Der BGH ist anderer Auffassung und gibt der Eigentümerin (bzw. dem Zessionar) insofern Recht, als gegen den Makler ein Anspruch aus § 280 Abs. 1 S. 1 BGB auf Rückabwicklung des Kaufvertrags bestehe. Dieser habe seine Pflichten aus dem Makleralleinauftrag u.a. dadurch verletzt, dass er Kaufangebote unzutreffend oder gar nicht weitergeleitet habe, dass er Interessenten überhöhte Preisvorstellungen genannt habe und später nicht mehr tätig geworden sei. Ein Verkäufermakler habe u.a. durch eine realistische Preisgestaltung die Voraussetzungen für den beabsichtigten Verkauf zu schaffen. Im Rahmen eines Alleinauftrags habe er auch, anders als beim einfachen Maklervertrag, eine Verpflichtung zum Tätigwerden.

Im Rahmen der Naturalrestitution (§ 249 Abs. 1 BGB) könne der Geschädigte wählen, ob er den gesamten Vertrag rückgängig machen wolle oder ob er am Vertrag festhalte und (nur) den zusätzlichen Schaden geltend mache. Zwar sei ein Makler, der aufgrund einer Pflichtverletzung seinem Auftraggeber zum Schadensersatz verpflichtet sei, zu einer Rückabwicklung des Grundstückkaufvertrags mit dem Dritten regelmäßig nicht in der Lage. Dies sei hier aber anders, weil der Makler in Gemeinschaft mit einem Dritten das Grundstück selbst erworben habe. Daher sei der Schadensersatzanspruch entgegen der Auffassung des OLG Celle nicht auf den Ausgleich des zusätzlichen Schadens beschränkt.
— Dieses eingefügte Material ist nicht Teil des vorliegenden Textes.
(* Let $\Sigma$ be the signature consisting of two non-rigid constant symbols $a,b$. For $n\in\mathbb N$ let $\chi_n$ be a classical first-order sentence (in the pure language of equality) expressing that the domain has at least $n$ elements, and let $X=\{\chi_n\mid n\in\mathbb N\}$. Let $\eta := \big(\mathrm{dep}(a,b)\wedge \mathrm{dep}(b,a)\wedge \exists^{\mathsf i}x\,(x\neq b)\big)\to \exists^{\mathsf i}x\,(x\neq a)$ and $\theta:=\exists^{\mathsf i}x\,\exists^{\mathsf i}y\,\neg(x=a\wedge y=b)$. Then: (1) $X\cup\{\eta\}\models_{\mathrm{id}}\theta$; and (2) for every finite $X_0\subseteq X$, $X_0\cup\{\eta\}\not\models_{\mathrm{id}}\theta$.
   Context: Inquisitive first-order logic InqBQ. A signature consists of predicate symbols and function symbols, each with an arity; function symbols are either rigid or non-rigid, and function symbols of arity $0$ are constant symbols. Terms are built from variables and function symbols as usual. Formulas are given by $\phi ::= P(t_1,\dots,t_n)\mid (t=t')\mid \bot\mid (\phi\wedge\phi)\mid(\phi\mathbin{\vee\!\!\!\vee}\phi)\mid(\phi\to\phi)\mid\forall x\phi\mid\exists^{\mathsf i}x\phi$, where $\mathbin{\vee\!\!\!\vee}$ is inquisitive disjunction and $\exists^{\mathsf i}$ is the inquisitive existential quantifier. Abbreviations: $\neg\phi:=\phi\to\bot$, $(t\neq t'):=\neg(t=t')$; the classical connectives $\vee,\exists$ are defined by $\phi\vee\psi:=\neg(\neg\phi\wedge\neg\psi)$, $\exists x\phi:=\neg\forall x\neg\phi$. Formulas without $\mathbin{\vee\!\!\!\vee}$ and $\exists^{\mathsf i}$ are called classical. An id-model is a triple $M=(W,D,I)$ with $W$ a non-empty set of worlds, $D$ a non-empty domain, and $I$ assigning to each world $w$ an interpretation $I_w$ giving each $n$-ary predicate $P$ a relation $P_w\subseteq D^n$ and each $n$-ary function symbol $f$ a function $f_w:D^n\to D$ (rigid symbols get the same interpretation at every world); equality is interpreted as identity on $D$ at every world. Term values $[t]^g_w$ are defined as usual. Support of a formula at a state $s\subseteq W$ under an assignment $g$: $M,s\models_g P(t_1,\dots,t_n)$ iff $([t_1]^g_w,\dots,[t_n]^g_w)\in P_w$ for all $w\in s$; $M,s\models_g t=t'$ iff $[t]^g_w=[t']^g_w$ for all $w\in s$; $M,s\models_g\bot$ iff $s=\emptyset$; $\wedge$ is conjunction of support; $M,s\models_g\phi\mathbin{\vee\!\!\!\vee}\psi$ iff $M,s\models_g\phi$ or $M,s\models_g\psi$; $M,s\models_g\phi\to\psi$ iff for every $t\subseteq s$, $M,t\models_g\phi$ implies $M,t\models_g\psi$; $M,s\models_g\forall x\phi$ iff $M,s\models_{g[x\mapsto d]}\phi$ for all $d\in D$; $M,s\models_g\exists^{\mathsf i}x\phi$ iff $M,s\models_{g[x\mapsto d]}\phi$ for some $d\in D$. For a term $t$, $\lambda t:=\exists^{\mathsf i}x\,(x=t)$ with $x$ a variable not occurring in $t$, and $\mathrm{dep}(t,t'):=\lambda t\to\lambda t'$. id-entailment: $\Phi\models_{\mathrm{id}}\psi$ means that for every id-model $M$, state $s\subseteq W$ and assignment $g$, if $M,s\models_g\phi$ for all $\phi\in\Phi$ then $M,s\models_g\psi$. *)

theory Defs
  imports Main
begin

datatype trm = Var nat | CA | CB

datatype fm =
    Eq trm trm
  | Bot
  | Conj fm fm
  | IOr fm fm
  | Imp fm fm
  | All nat fm
  | IEx nat fm

record ('w, 'd) idmodel =
  Wor :: "'w set"
  Dom :: "'d set"
  ia :: "'w \<Rightarrow> 'd"
  ib :: "'w \<Rightarrow> 'd"

definition wf_model :: "('w, 'd) idmodel \<Rightarrow> bool" where
  "wf_model M \<longleftrightarrow> Wor M \<noteq> {} \<and> Dom M \<noteq> {} \<and>
     (\<forall>w \<in> Wor M. ia M w \<in> Dom M \<and> ib M w \<in> Dom M)"

fun tval :: "('w, 'd) idmodel \<Rightarrow> 'w \<Rightarrow> (nat \<Rightarrow> 'd) \<Rightarrow> trm \<Rightarrow> 'd" where
  "tval M w g (Var x) = g x"
| "tval M w g CA = ia M w"
| "tval M w g CB = ib M w"

fun supp :: "('w, 'd) idmodel \<Rightarrow> 'w set \<Rightarrow> (nat \<Rightarrow> 'd) \<Rightarrow> fm \<Rightarrow> bool" where
  "supp M s g (Eq t t') = (\<forall>w \<in> s. tval M w g t = tval M w g t')"
| "supp M s g Bot = (s = {})"
| "supp M s g (Conj p q) = (supp M s g p \<and> supp M s g q)"
| "supp M s g (IOr p q) = (supp M s g p \<or> supp M s g q)"
| "supp M s g (Imp p q) = (\<forall>t \<subseteq> s. supp M t g p \<longrightarrow> supp M t g q)"
| "supp M s g (All x p) = (\<forall>d \<in> Dom M. supp M s (g(x := d)) p)"
| "supp M s g (IEx x p) = (\<exists>d \<in> Dom M. supp M s (g(x := d)) p)"

text \<open>id-entailment, relative to the types of worlds and domain elements
(the type arguments only fix the ambient HOL types; W and D are arbitrary
non-empty subsets of them).\<close>
definition id_entails :: "'w itself \<Rightarrow> 'd itself \<Rightarrow> fm set \<Rightarrow> fm \<Rightarrow> bool" where
  "id_entails _ _ \<Phi> \<psi> \<longleftrightarrow>
     (\<forall>(M :: ('w, 'd) idmodel) s g. wf_model M \<and> s \<subseteq> Wor M \<and> (\<forall>x. g x \<in> Dom M) \<and>
        (\<forall>\<phi> \<in> \<Phi>. supp M s g \<phi>) \<longrightarrow> supp M s g \<psi>)"

definition neg :: "fm \<Rightarrow> fm" where "neg p = Imp p Bot"
definition neq :: "trm \<Rightarrow> trm \<Rightarrow> fm" where "neq t t' = neg (Eq t t')"
definition cex :: "nat \<Rightarrow> fm \<Rightarrow> fm" where "cex x p = neg (All x (neg p))"

text \<open>lambda t = iEx x (x = t), x not in t; for t = a or b any variable is fresh.\<close>
definition lam :: "trm \<Rightarrow> fm" where "lam t = IEx 0 (Eq (Var 0) t)"
definition dep :: "trm \<Rightarrow> trm \<Rightarrow> fm" where "dep t t' = Imp (lam t) (lam t')"

fun conjs :: "fm list \<Rightarrow> fm" where
  "conjs [] = neg Bot"
| "conjs (p # ps) = Conj p (conjs ps)"

fun cexs :: "nat list \<Rightarrow> fm \<Rightarrow> fm" where
  "cexs [] p = p"
| "cexs (x # xs) p = cex x (cexs xs p)"

definition chi :: "nat \<Rightarrow> fm" where
  "chi n = cexs [0..<n] (conjs [neq (Var i) (Var j). i \<leftarrow> [0..<n], j \<leftarrow> [0..<n], i < j])"

definition Xset :: "fm set" where "Xset = range chi"

definition eta :: fm where
  "eta = Imp (Conj (Conj (dep CA CB) (dep CB CA)) (IEx 0 (neq (Var 0) CB)))
             (IEx 0 (neq (Var 0) CA))"

definition theta :: fm where
  "theta = IEx 0 (IEx 1 (neg (Conj (Eq (Var 0) CA) (Eq (Var 1) CB))))"

end

theory Submission
  imports Defs "HOL-Library.Nat_Bijection"
begin

text \<open>On a state s, eta says: whenever a and b determine each other on a substate t and the
values of b on t miss some individual, so do the values of a. The realised pairs (a, b) on such
a t form the graph of a bijection between the values of a and those of b, so over a finite domain
eta is valid by counting. Hence the model whose worlds realise every pair over an m-element domain
supports eta and all chi n with n \<le> m, yet refutes theta, which says that some pair is not
realised. Over an infinite domain, which a non-empty state supporting every chi n forces, take
an injection f of the domain into itself that misses a point: if every pair were realised, the
substate realising exactly the graph of f would violate eta.\<close>

fun truth :: "('w, 'd) idmodel \<Rightarrow> 'w \<Rightarrow> (nat \<Rightarrow> 'd) \<Rightarrow> fm \<Rightarrow> bool" where
  "truth M w g (Eq t t') = (tval M w g t = tval M w g t')"
| "truth M w g Bot = False"
| "truth M w g (Conj p q) = (truth M w g p \<and> truth M w g q)"
| "truth M w g (IOr p q) = (truth M w g p \<or> truth M w g q)"
| "truth M w g (Imp p q) = (truth M w g p \<longrightarrow> truth M w g q)"
| "truth M w g (All x p) = (\<forall>d \<in> Dom M. truth M w (g(x := d)) p)"
| "truth M w g (IEx x p) = (\<exists>d \<in> Dom M. truth M w (g(x := d)) p)"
Allerdings könne der Makler nur seinen ideellen Grundstücksanteil zurückübertragen, nicht das Grundstück insgesamt. Dazu bedürfe es der Mitwirkung des weiteren Käufers. Gegen diesen bestehe aber nur dann ein entsprechender Anspruch, wenn er sich das Verhalten des Maklers zurechnen lassen müsse oder selbst schadensersatzpflichtig sei. Da die Vorinstanzen hierzu bisher keine ausreichenden Feststellungen getroffen hätten, sei die Sache insofern an das Berufungsgericht zurückzuweisen.